Task statement:
Go through the records below and count every line containing "rows". Reply with the count alone.

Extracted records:
-.-.-

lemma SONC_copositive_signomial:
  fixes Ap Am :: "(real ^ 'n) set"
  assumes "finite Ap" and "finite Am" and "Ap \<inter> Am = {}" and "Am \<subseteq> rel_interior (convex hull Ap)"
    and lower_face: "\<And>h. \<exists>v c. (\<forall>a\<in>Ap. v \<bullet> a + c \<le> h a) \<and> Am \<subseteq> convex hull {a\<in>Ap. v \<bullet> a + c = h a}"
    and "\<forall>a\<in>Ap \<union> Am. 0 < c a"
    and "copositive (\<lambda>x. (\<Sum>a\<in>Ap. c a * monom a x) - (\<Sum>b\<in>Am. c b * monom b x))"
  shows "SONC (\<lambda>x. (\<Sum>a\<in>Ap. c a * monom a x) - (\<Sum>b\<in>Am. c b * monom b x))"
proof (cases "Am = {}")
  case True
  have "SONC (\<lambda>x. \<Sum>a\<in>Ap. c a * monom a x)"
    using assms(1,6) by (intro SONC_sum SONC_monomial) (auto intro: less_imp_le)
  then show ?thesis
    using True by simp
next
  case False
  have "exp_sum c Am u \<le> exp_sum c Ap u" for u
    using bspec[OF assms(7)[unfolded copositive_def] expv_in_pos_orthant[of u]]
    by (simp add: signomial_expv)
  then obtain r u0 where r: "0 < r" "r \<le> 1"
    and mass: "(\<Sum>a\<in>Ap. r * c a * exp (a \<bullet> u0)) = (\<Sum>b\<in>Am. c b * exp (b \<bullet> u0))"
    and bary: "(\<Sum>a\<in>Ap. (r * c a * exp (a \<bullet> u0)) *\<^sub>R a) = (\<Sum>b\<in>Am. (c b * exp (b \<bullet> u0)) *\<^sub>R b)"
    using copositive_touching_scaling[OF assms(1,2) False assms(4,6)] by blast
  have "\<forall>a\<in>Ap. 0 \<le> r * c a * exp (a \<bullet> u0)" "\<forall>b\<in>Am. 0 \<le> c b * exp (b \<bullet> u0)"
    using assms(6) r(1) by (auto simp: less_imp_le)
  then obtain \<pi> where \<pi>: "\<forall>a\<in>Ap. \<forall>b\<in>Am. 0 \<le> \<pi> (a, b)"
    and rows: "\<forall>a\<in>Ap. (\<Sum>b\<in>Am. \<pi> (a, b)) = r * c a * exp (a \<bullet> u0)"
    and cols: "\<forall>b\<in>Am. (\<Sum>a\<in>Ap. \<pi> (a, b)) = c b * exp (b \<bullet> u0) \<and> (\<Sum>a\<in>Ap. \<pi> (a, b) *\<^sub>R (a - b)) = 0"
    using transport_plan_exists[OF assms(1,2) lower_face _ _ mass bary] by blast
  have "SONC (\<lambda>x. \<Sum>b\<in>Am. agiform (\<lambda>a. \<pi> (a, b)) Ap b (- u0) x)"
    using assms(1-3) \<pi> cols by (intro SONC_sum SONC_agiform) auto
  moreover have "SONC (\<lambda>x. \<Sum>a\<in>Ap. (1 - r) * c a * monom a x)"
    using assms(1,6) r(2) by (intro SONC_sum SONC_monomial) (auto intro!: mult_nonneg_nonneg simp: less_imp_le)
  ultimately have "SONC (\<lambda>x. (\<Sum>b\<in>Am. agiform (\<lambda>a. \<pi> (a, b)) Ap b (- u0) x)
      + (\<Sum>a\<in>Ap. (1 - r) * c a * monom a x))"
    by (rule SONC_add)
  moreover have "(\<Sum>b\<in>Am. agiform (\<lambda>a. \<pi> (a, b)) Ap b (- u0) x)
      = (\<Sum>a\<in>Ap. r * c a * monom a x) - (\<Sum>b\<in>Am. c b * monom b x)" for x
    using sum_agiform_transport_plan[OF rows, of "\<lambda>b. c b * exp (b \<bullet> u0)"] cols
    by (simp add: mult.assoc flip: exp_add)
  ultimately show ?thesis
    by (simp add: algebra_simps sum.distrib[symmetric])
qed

-.-.-

Answer to the exercise:
2